Calculate attn_scores ($QK^T$) $\rightarrow$ softmax across row to get attn_weights (softmax($\frac{QK^T}{\sqrt{d_{out}}}$))$\rightarrow$ use up-tri to mask $\rightarrow$ re-normalize using row-sum = masked attn_weights masked (softmax($\frac{QK^T}{\sqrt{d_{out}}}$))

*Information leakage*¶

When we apply a mask and then renormalize the attention weights, it might initially appear that information from future tokens (which we intend to mask) could still influence the current token because their values are part of the softmax calculation. However, the key insight is that when we renormalize the attention weights after masking, what we’re essentially doing is recalculating the softmax over a smaller subset (since masked positions don’t contribute to the softmax value).

The mathematical elegance of softmax is that despite initially including all positions in the denominator, after masking and renormalizing, the effect of the masked positions is nullified—they don’t contribute to the softmax score in any meaningful way.

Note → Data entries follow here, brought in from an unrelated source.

(* Consider the channel $\mathbf r=\mathbf s+\sigma_0\boldsymbol\eta$ in $\mathbb R^n$, where the normalized noise $\boldsymbol\eta$ has density $\int_0^\infty(2\pi\sigma^2)^{-n/2}\exp\{-|\mathbf x|^2/(2\sigma^2)\}f(\sigma)\,d\sigma$ for a univariate probability density $f(\sigma)$ with $f(\sigma)=0$ for $\sigma\notin[\sigma_1,\sigma_2]$, and let $\gamma=1/\sigma_0^2$. For any decoder with center-convex decision regions (e.g. the min-distance decoder, for any constellation, bit mapping and coding), the pairwise error probabilities $\Pr\{\mathbf s_i\to\mathbf s_j\}$, the SER and the BER are convex functions of $\gamma$ in the high-SNR/low-noise regime $d_{\min}^2\ge(n+\sqrt{2n})(\sigma_0\sigma_2)^2$.
   Context: Setting: $\mathbf s\in\{\mathbf s_1,\dots,\mathbf s_M\}$ with priors $\pi_k$; the decoder has pairwise disjoint decision regions $\Omega_k$ independent of $\gamma$ (output $\mathbf s_k$ if $\mathbf r\in\Omega_k$, error if in none); $\Omega_k$ is center-convex if for every $\mathbf x\in\Omega_k$ the segment from $\mathbf s_k$ to $\mathbf x$ lies in $\Omega_k$. PEP: $\Pr\{\mathbf s_i\to\mathbf s_j\}=\Pr[\mathbf r\in\Omega_j\mid\mathbf s=\mathbf s_i]$, $i\neq j$. SER: $P_e=\sum_i\pi_i(1-\Pr[\mathbf r\in\Omega_i\mid\mathbf s=\mathbf s_i])$. BER: $\sum_i\sum_{j\ne i}\frac{h_{ij}}{\log_2M}\pi_i\Pr\{\mathbf s_i\to\mathbf s_j\}$, where $h_{ij}$ is the Hamming distance between the bit labels of $\mathbf s_i$ and $\mathbf s_j$. $d_{\min}=\min_k d_{\min,k}$, where $d_{\min,k}$ is the minimum distance from $\mathbf s_k$ to the boundary of $\Omega_k$. Convexity in the stated regime means nonnegative second derivative in $\gamma$ for all $\gamma\ge(n+\sqrt{2n})\sigma_2^2/d_{\min}^2$. *)

theory Defs
  imports "HOL-Analysis.Analysis"
begin

definition noise_density :: "(real \<Rightarrow> real) \<Rightarrow> real ^ 'n \<Rightarrow> real" where
  "noise_density f x =
     (LINT \<sigma>:{0<..}|lborel.
        (2 * pi * \<sigma>\<^sup>2) powr (- real CARD('n) / 2) * exp (- (norm x)\<^sup>2 / (2 * \<sigma>\<^sup>2)) * f \<sigma>)"

text \<open>Pr[r in A | s] for r = s + sigma0 eta, with gamma = 1/sigma0^2 (so sigma0 = 1/sqrt gamma);
  the density of r is sigma0^(-n) g((r - s)/sigma0).\<close>
definition prob_in :: "(real \<Rightarrow> real) \<Rightarrow> real ^ 'n \<Rightarrow> (real ^ 'n) set \<Rightarrow> real \<Rightarrow> real" where
  "prob_in f s A \<gamma> =
     (LINT r:A|lborel. (sqrt \<gamma>) ^ CARD('n) * noise_density f (sqrt \<gamma> *\<^sub>R (r - s)))"
(* Any trajectory $(q(t),X(t),\mu(t),r(t))$ of the elastic-demand dynamics \begin{align*} \dot{q}_j &= \sum_{i=1}^m x_{ij} - \frac{q_j}{T}, \quad j=1,\ldots,n,\\ \mu_j(q_j) &= T\left[1-\frac{c_j}{q_j}\right]^+, \quad j=1,\ldots,n,\\ x_{ij} &= r_i\,\delta_{ij}(\mu),\qquad \delta_{ij}(\mu)=\frac{e^{-(\kappa_{ij}+\mu_j)/\epsilon}}{\sum_{k=1}^n e^{-(\kappa_{ik}+\mu_k)/\epsilon}},\\ r_i &= \bar{r}_i\, p_i\big(\varphi^i_\epsilon(\mu)\big),\qquad \varphi^i_\epsilon(\mu)=-\epsilon\log\Big(\sum_{j=1}^n e^{-(\kappa_{ij}+\mu_j)/\epsilon}\Big), \end{align*} converges asymptotically to the (unique) equilibrium point $(X^*,q^*,\mu^*,r^* )$ of these dynamics, which is characterized as follows: $(r^*,\mu^* )$ is the unique saddle point (minimum in $r$, maximum in $\mu$) over $r\in\prod_{i=1}^m[0,\bar r_i]$, $\mu\in[0,T)^n$ of \[ W(r,\mu)=\sum_i\big[r_i\varphi^i_\epsilon(\mu)-U_i(r_i)\big]+\sum_j c_j\log\Big(1-\frac{\mu_j}{T}\Big), \] and, given $r^*$, $(X^*,q^* )$ is the unique solution of the convex program \[ \min_{X,q}\ \sum_{i,j}\kappa_{ij}x_{ij}+\sum_j\beta_j(q_j)+\epsilon\sum_{i,j}x_{ij}\log\Big(\frac{x_{ij}}{r^*_i}\Big) \] subject to $x_{ij}\ge 0$, $\sum_j x_{ij}=r^*_i$ for all $i$, and $\sum_i x_{ij}=q_j/T$ for all $j$, where $\beta_j(q_j)=\int_0^{q_j}[1-c_j/\sigma]^+\,d\sigma$.
   Context: There are $n$ EV charging stations with capacities $c_j>0$ and $m$ demand locations with exogenous constant transport times $\kappa_{ij}$; $T>0$ is the mean sojourn time, $\epsilon>0$ a smoothing parameter, and $[\cdot]^+=\max\{\cdot,0\}$. $q_j$ is the queue at station $j$, $\mu_j$ its waiting delay, $x_{ij}$ the rate from location $i$ to station $j$. Demand at location $i$ is elastic: $\bar r_i>0$ is the maximum request rate and $p_i(\tau)=\mathcal{P}(T_i>\tau)$ is the complementary CDF of an absolutely continuous willingness-to-wait variable $T_i$, continuous and decreasing from 1 to 0 on $[0,\infty)$. The utility $U_i$ is increasing and concave with $r_i=\arg\max_{r_i\ge0}[U_i(r_i)-\tau_i r_i]=\bar r_i p_i(\tau_i)$ (i.e. $U_i'$ is the inverse of $\tau\mapsto \bar r_i p_i(\tau)$), and $U_i$ is assumed strictly concave on $[0,\bar r_i]$. The dynamics have a globally Lipschitz right-hand side in $q$, so solutions exist, are unique and defined for all time. *)

theory Defs
  imports "HOL-Analysis.Analysis"
begin

definition strictly_concave_on :: "real set \<Rightarrow> (real \<Rightarrow> real) \<Rightarrow> bool" where
  "strictly_concave_on S f \<longleftrightarrow> convex S \<and>
     (\<forall>x\<in>S. \<forall>y\<in>S. x \<noteq> y \<longrightarrow> (\<forall>u. 0 < u \<and> u < 1 \<longrightarrow>
        f (u * x + (1 - u) * y) > u * f x + (1 - u) * f y))"

(* waiting delay mu_j(q_j) = T [1 - c_j/q_j]^+ ; for q_j \<le> c_j it is 0
   (this also fixes the value at q_j = 0, where c_j/q_j is undefined) *)
definition delay :: "real \<Rightarrow> real \<Rightarrow> real \<Rightarrow> real" where
  "delay T c q = (if q \<le> c then 0 else T * (1 - c / q))"
(* Let $\mathcal{A}_1$ and $\mathcal{A}_2$ be two NFAs over a finite alphabet $A$. Then $L(\mathcal{A}_1)$ and $L(\mathcal{A}_2)$ are not PT-separable if and only if there exists a factorization pattern $(\vec u,\vec B)$ such that both $\mathcal{A}_1$ and $\mathcal{A}_2$ admit a $(\vec u,\vec B)$-path.
   Context: Piecewise testable (PT) languages over $A$ are finite Boolean combinations of languages $A^*a_1A^*\cdots A^*a_nA^*$ ($a_i\in A$); $L_1,L_2$ are PT-separable if some PT language $L$ satisfies $L_1\subseteq L$ and $L\cap L_2=\varnothing$. For states $p,q$ of an NFA and $B\subseteq A$: $p\xrightarrow{\subseteq B}q$ denotes a path (possibly of length $0$) from $p$ to $q$ all of whose transitions are labeled by letters of $B$; $p\xrightarrow{=B}q$ denotes such a path in which moreover every letter of $B$ occurs at least once. A factorization pattern is a pair $(\vec u,\vec B)$ with $\vec u=(u_0,\dots,u_p)$, $u_i\in A^*$, and $\vec B=(B_1,\dots,B_p)$, each $B_i$ a nonempty subset of $A$ ($p\ge 0$). A $(\vec u,\vec B)$-path in an NFA is a path from an initial state to a final state of the form $s_0\xrightarrow{u_0}p_1\xrightarrow{\subseteq B_1}q_1\xrightarrow{=B_1}q_1\xrightarrow{\subseteq B_1}r_1\xrightarrow{u_1}p_2\xrightarrow{\subseteq B_2}q_2\xrightarrow{=B_2}q_2\xrightarrow{\subseteq B_2}r_2\xrightarrow{u_2}\cdots\xrightarrow{u_{p-1}}p_p\xrightarrow{\subseteq B_p}q_p\xrightarrow{=B_p}q_p\xrightarrow{\subseteq B_p}r_p\xrightarrow{u_p}f$, i.e. for each $i$ a $(=B_i)$-loop around some state $q_i$, reached and left by $(\subseteq B_i)$-paths. *)

theory Defs
  imports Main
begin

(* Alphabet: a finite type 'a (A = UNIV). Words: 'a list. *)

record ('s, 'a) nfa =
  states :: "'s set"
  init   :: "'s set"
  final  :: "'s set"
  trans  :: "('s \<times> 'a \<times> 's) set"

definition nfa_wf :: "('s, 'a) nfa \<Rightarrow> bool" where
  "nfa_wf M \<longleftrightarrow> finite (states M) \<and> init M \<subseteq> states M \<and> final M \<subseteq> states M
     \<and> (\<forall>(p, a, q) \<in> trans M. p \<in> states M \<and> q \<in> states M)"

inductive run :: "('s, 'a) nfa \<Rightarrow> 's \<Rightarrow> 'a list \<Rightarrow> 's \<Rightarrow> bool" for M where
  run_nil: "run M p [] p"
| run_cons: "(p, a, r) \<in> trans M \<Longrightarrow> run M r w q \<Longrightarrow> run M p (a # w) q"

definition lang :: "('s, 'a) nfa \<Rightarrow> 'a list set" where
  "lang M = {w. \<exists>s \<in> init M. \<exists>f \<in> final M. run M s w f}"

fun pt_basic :: "'a list \<Rightarrow> 'a list set" where
  "pt_basic [] = UNIV"
| "pt_basic (a # as) = {x @ [a] @ y | x y. y \<in> pt_basic as}"

inductive PT :: "'a list set \<Rightarrow> bool" where
  PT_basic: "PT (pt_basic as)"
| PT_compl: "PT L \<Longrightarrow> PT (- L)"
| PT_union: "PT L \<Longrightarrow> PT K \<Longrightarrow> PT (L \<union> K)"
| PT_inter: "PT L \<Longrightarrow> PT K \<Longrightarrow> PT (L \<inter> K)"

definition PT_separable :: "'a list set \<Rightarrow> 'a list set \<Rightarrow> bool" where
  "PT_separable L1 L2 \<longleftrightarrow> (\<exists>L. PT L \<and> L1 \<subseteq> L \<and> L \<inter> L2 = {})"

definition sub_path :: "('s, 'a) nfa \<Rightarrow> 's \<Rightarrow> 'a set \<Rightarrow> 's \<Rightarrow> bool" where
  "sub_path M p B q \<longleftrightarrow> (\<exists>w. set w \<subseteq> B \<and> run M p w q)"

definition eq_path :: "('s, 'a) nfa \<Rightarrow> 's \<Rightarrow> 'a set \<Rightarrow> 's \<Rightarrow> bool" where
  "eq_path M p B q \<longleftrightarrow> (\<exists>w. set w = B \<and> run M p w q)"

definition fact_pattern :: "'a list list \<Rightarrow> 'a set list \<Rightarrow> bool" where
  "fact_pattern us Bs \<longleftrightarrow> length us = length Bs + 1 \<and> (\<forall>B \<in> set Bs. B \<noteq> {})"

fun pattern_path :: "('s, 'a) nfa \<Rightarrow> 's \<Rightarrow> 'a list list \<Rightarrow> 'a set list \<Rightarrow> bool" where
  "pattern_path M s [u] [] = (\<exists>f \<in> final M. run M s u f)"
| "pattern_path M s (u # us) (B # Bs) =
     (\<exists>p q r. run M s u p \<and> sub_path M p B q \<and> eq_path M q B q \<and> sub_path M q B r
              \<and> pattern_path M r us Bs)"
| "pattern_path M s _ _ = False"
lemma pattern_word_mem:
  assumes "\<forall>k\<le>n. bs k \<in> B" "\<forall>k<n. bs' k \<in> B" "\<forall>k<n. is k \<le> js k \<and> js k < is (Suc k)"
  shows "pattern_word act v v' n is js bs bs' \<in> A
    \<and> left_quotient X A (pattern_word act v v' n is js bs bs') \<in> fams' (Suc (2 * is n))"
  using assms
proof (induction n)
  case 0
  have "bs 0 \<in> B" using "0.prems"(1) by simp
  then show ?case
    using v_step[OF A_mem_fams] unfolding pattern_word_0 refined_def by blast
next
  case (Suc n)
  let ?P = "pattern_word act v v' n is js bs bs'"
  let ?z = "bact (bs' n) (v' (js n))" and ?x = "bact (bs (Suc n)) (v (is (Suc n)))"
  let ?T = "left_quotient X (left_quotient X A ?P) ?z"
  have IH: "?P \<in> A" "left_quotient X A ?P \<in> fams' (Suc (2 * is n))" using Suc by auto
  have b: "bs (Suc n) \<in> B" and b': "bs' n \<in> B" using Suc.prems(1,2) by auto
  have ij: "Suc (2 * is n) \<le> 2 * js n + 1" "Suc (2 * js n + 1) \<le> 2 * is (Suc n)"
    using Suc.prems(3) by auto
  have "left_quotient X A ?P \<in> fams' (2 * js n + 1)" using fams'_mono[OF ij(1)] IH(2) by blast
  then have T: "?T \<in> fams (2 * is (Suc n))" using fams_mono[OF ij(2)] v'_step b' by blast
  then have "?x \<in> refined ?T" using v_step(1) b by blast
  then have "?x \<in> ?T" unfolding refined_def by blast
  then have zx: "pdefined X ?z ?x" and Pzx: "pdefined X ?P (?z @ ?x)" "?P @ (?z @ ?x) \<in> A"
    unfolding left_quotient_def by auto
  have "left_quotient X ?T ?x = left_quotient X A (?P @ (?z @ ?x))"
    using left_quotient_left_quotient[of X "left_quotient X A ?P" ?z ?x]
      left_quotient_left_quotient[of X A ?P "?z @ ?x"] zx Pzx(1) by simp
  then show ?case using v_step(2)[OF T b] Pzx(2) unfolding pattern_word_Suc by simp
qed

lemma monochromatic_double_sequence_exists:
  fixes c :: "'x word \<Rightarrow> 'c"
  assumes "\<And>w. w \<in> A \<Longrightarrow> c w = col"
  shows "\<exists>v v'. basic_double X v v' \<and> (\<forall>i. \<exists>m. (m, p m) \<in> set (v i)) \<and> (\<forall>i. v' i \<in> E)
     \<and> (\<exists>col. \<forall>n is js bs bs'. (\<forall>k\<le>n. bs k \<in> B) \<and> (\<forall>k<n. bs' k \<in> B)
           \<and> (\<forall>k<n. is k \<le> js k \<and> js k < is (Suc k))
           \<longrightarrow> c (pattern_word act v v' n is js bs bs') = col)"
proof -
  have "basic_double X v v'" unfolding basic_double_def interleave_v_v' by (rule basic_seq)
  moreover have "\<forall>n is js bs bs'. (\<forall>k\<le>n. bs k \<in> B) \<and> (\<forall>k<n. bs' k \<in> B)
      \<and> (\<forall>k<n. is k \<le> js k \<and> js k < is (Suc k)) \<longrightarrow> c (pattern_word act v v' n is js bs bs') = col"
    using pattern_word_mem assms by (intro allI impI) (elim conjE, blast)
  then have "\<exists>col. \<forall>n is js bs bs'. (\<forall>k\<le>n. bs k \<in> B) \<and> (\<forall>k<n. bs' k \<in> B)
      \<and> (\<forall>k<n. is k \<le> js k \<and> js k < is (Suc k)) \<longrightarrow> c (pattern_word act v v' n is js bs bs') = col"
    by (rule exI)
  ultimately show ?thesis using v_pointed v'_mem_E by (intro exI[of _ v] exI[of _ v']) simp
qed
(* Let $\Omega\subseteq\mathbb{R}^n$. If $\varphi\in\Phi_{\mathrm w}(\Omega)$ satisfies condition (A2), then so does its conjugate $\varphi^*$.
   Context: A function $f:[0,\infty)\to[0,\infty]$ is $a$-almost increasing ($a\ge1$) if $f(s)\le a f(t)$ for all $s\le t$. A function $\varphi:\Omega\times[0,\infty)\to[0,\infty]$ is a weak $\Phi$-function, $\varphi\in\Phi_{\mathrm w}(\Omega)$, if for a.e. $x\in\Omega$: $x\mapsto\varphi(x,|f(x)|)$ is measurable for every measurable $f:\Omega\to\mathbb{R}$; $t\mapsto\varphi(x,t)$ is increasing (non-decreasing); $\varphi(x,0)=\lim_{t\to0^+}\varphi(x,t)=0$ and $\lim_{t\to\infty}\varphi(x,t)=\infty$; and $t\mapsto\varphi(x,t)/t$ is $a$-almost increasing on $(0,\infty)$ with $a\ge1$ independent of $x$. The conjugate is $\varphi^*(x,t):=\sup\{st-\varphi(x,s):s\ge0\}$. For any $\psi:\Omega\times[0,\infty)\to[0,\infty]$ the left-inverse is $\psi^{-1}(x,\tau):=\inf\{t\ge0:\psi(x,t)\ge\tau\}$. Condition (A2) for $\psi$: for every $\sigma>0$ there exist $\beta\in(0,1]$ and $h\in L^1(\Omega)\cap L^\infty(\Omega)$, $h\ge0$, such that for a.e. $x,y\in\Omega$, $\beta\psi^{-1}(x,\tau)\le\psi^{-1}(y,\tau+h(x)+h(y))$ for all $\tau\in[0,\sigma]$. *)

theory Defs
  imports "HOL-Analysis.Analysis"
begin

text \<open>Generalized Orlicz functions on \<Omega> \<subseteq> R^n are modelled as
  functions \<open>\<phi> :: 'a \<Rightarrow> real \<Rightarrow> ereal\<close>, 'a a Euclidean space; only arguments
  x in \<Omega> and t \<ge> 0 are relevant.  "a.e." refers to Lebesgue measure on \<Omega>.\<close>

definition almost_increasing_on :: "real set \<Rightarrow> real \<Rightarrow> (real \<Rightarrow> ereal) \<Rightarrow> bool" where
  "almost_increasing_on I a f \<longleftrightarrow>
     (\<forall>s\<in>I. \<forall>t\<in>I. s \<le> t \<longrightarrow> f s \<le> ereal a * f t)"

definition weak_Phi :: "'a::euclidean_space set \<Rightarrow> ('a \<Rightarrow> real \<Rightarrow> ereal) \<Rightarrow> bool" where
  "weak_Phi \<Omega> \<phi> \<longleftrightarrow>
     (\<forall>x\<in>\<Omega>. \<forall>t\<ge>0. 0 \<le> \<phi> x t) \<and>
     (\<forall>f \<in> borel_measurable (lebesgue_on \<Omega>).
        (\<lambda>x. \<phi> x \<bar>f x\<bar>) \<in> borel_measurable (lebesgue_on \<Omega>)) \<and>
     (\<exists>a\<ge>1. AE x in lebesgue_on \<Omega>.
        mono_on {0..} (\<phi> x) \<and>
        \<phi> x 0 = 0 \<and> (\<phi> x \<longlongrightarrow> 0) (at_right 0) \<and>
        (\<phi> x \<longlongrightarrow> \<infinity>) at_top \<and>
        almost_increasing_on {0<..} a (\<lambda>t. \<phi> x t / ereal t))"

definition conjugate :: "('a \<Rightarrow> real \<Rightarrow> ereal) \<Rightarrow> 'a \<Rightarrow> real \<Rightarrow> ereal" where
  "conjugate \<phi> x t = (SUP s\<in>{0..}. ereal (s * t) - \<phi> x s)"

text \<open>Left-inverse: \<open>\<psi>\<^sup>-\<^sup>1(x,\<tau>) = inf {t \<ge> 0 : \<psi>(x,t) \<ge> \<tau>}\<close> (inf of empty set = \<infinity>).\<close>
definition left_inv :: "('a \<Rightarrow> real \<Rightarrow> ereal) \<Rightarrow> 'a \<Rightarrow> real \<Rightarrow> ereal" where
  "left_inv \<psi> x \<tau> = Inf (ereal ` {t. 0 \<le> t \<and> ereal \<tau> \<le> \<psi> x t})"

In simpler terms, after masking and renormalization, the distribution of attention weights is as if it was calculated only among the unmasked positions to begin with. This ensures there’s no information leakage from future (or otherwise masked) tokens as we intended.

In [27]:
# a more efficient way of masking
mask = torch.triu(torch.ones(context_length, context_length), diagonal=1)
masked = attn_scores.masked_fill(mask.bool(), -torch.inf)
print(masked)
tensor([[0.2899,   -inf,   -inf,   -inf,   -inf,   -inf],
        [0.4656, 0.1723,   -inf,   -inf,   -inf,   -inf],
        [0.4594, 0.1703, 0.1731,   -inf,   -inf,   -inf],
        [0.2642, 0.1024, 0.1036, 0.0186,   -inf,   -inf],
        [0.2183, 0.0874, 0.0882, 0.0177, 0.0786,   -inf],
        [0.3408, 0.1270, 0.1290, 0.0198, 0.1290, 0.0078]],
       grad_fn=<MaskedFillBackward0>)
In [28]:
attn_weights = torch.softmax(masked / keys.shape[-1]**0.5, dim = -1)
print(attn_weights)
tensor([[1.0000, 0.0000, 0.0000, 0.0000, 0.0000, 0.0000],
        [0.5517, 0.4483, 0.0000, 0.0000, 0.0000, 0.0000],
        [0.3800, 0.3097, 0.3103, 0.0000, 0.0000, 0.0000],
        [0.2758, 0.2460, 0.2462, 0.2319, 0.0000, 0.0000],
        [0.2175, 0.1983, 0.1984, 0.1888, 0.1971, 0.0000],
        [0.1935, 0.1663, 0.1666, 0.1542, 0.1666, 0.1529]],
       grad_fn=<SoftmaxBackward0>)
In [29]:
# masked context vector:
context_vec = attn_weights @ values
print(context_vec)
tensor([[0.1855, 0.8812],
        [0.2795, 0.9361],
        [0.3133, 0.9508],
        [0.2994, 0.8595],
        [0.2702, 0.7554],
        [0.2772, 0.7618]], grad_fn=<MmBackward0>)
In [30]:
# dropout
torch.manual_seed(123)
dropout = torch.nn.Dropout(0.5)
example = torch.ones(6, 6)
print(dropout(example))
tensor([[2., 2., 2., 2., 2., 2.],
        [0., 2., 0., 0., 0., 0.],
        [0., 0., 2., 0., 2., 0.],
        [2., 2., 0., 0., 0., 2.],
        [2., 0., 0., 0., 0., 2.],
        [0., 2., 0., 0., 0., 0.]])

*compensate for dropout*¶

To compensate for the reduction in active elements, the values of the remaining elements in the matrix are scaled up by a factor of 1/0.5 = 2. This scaling is crucial to maintain the overall balance of the attention weights, ensuring that the average influence of the attention mechanism remains consistent during both the training and inference phases.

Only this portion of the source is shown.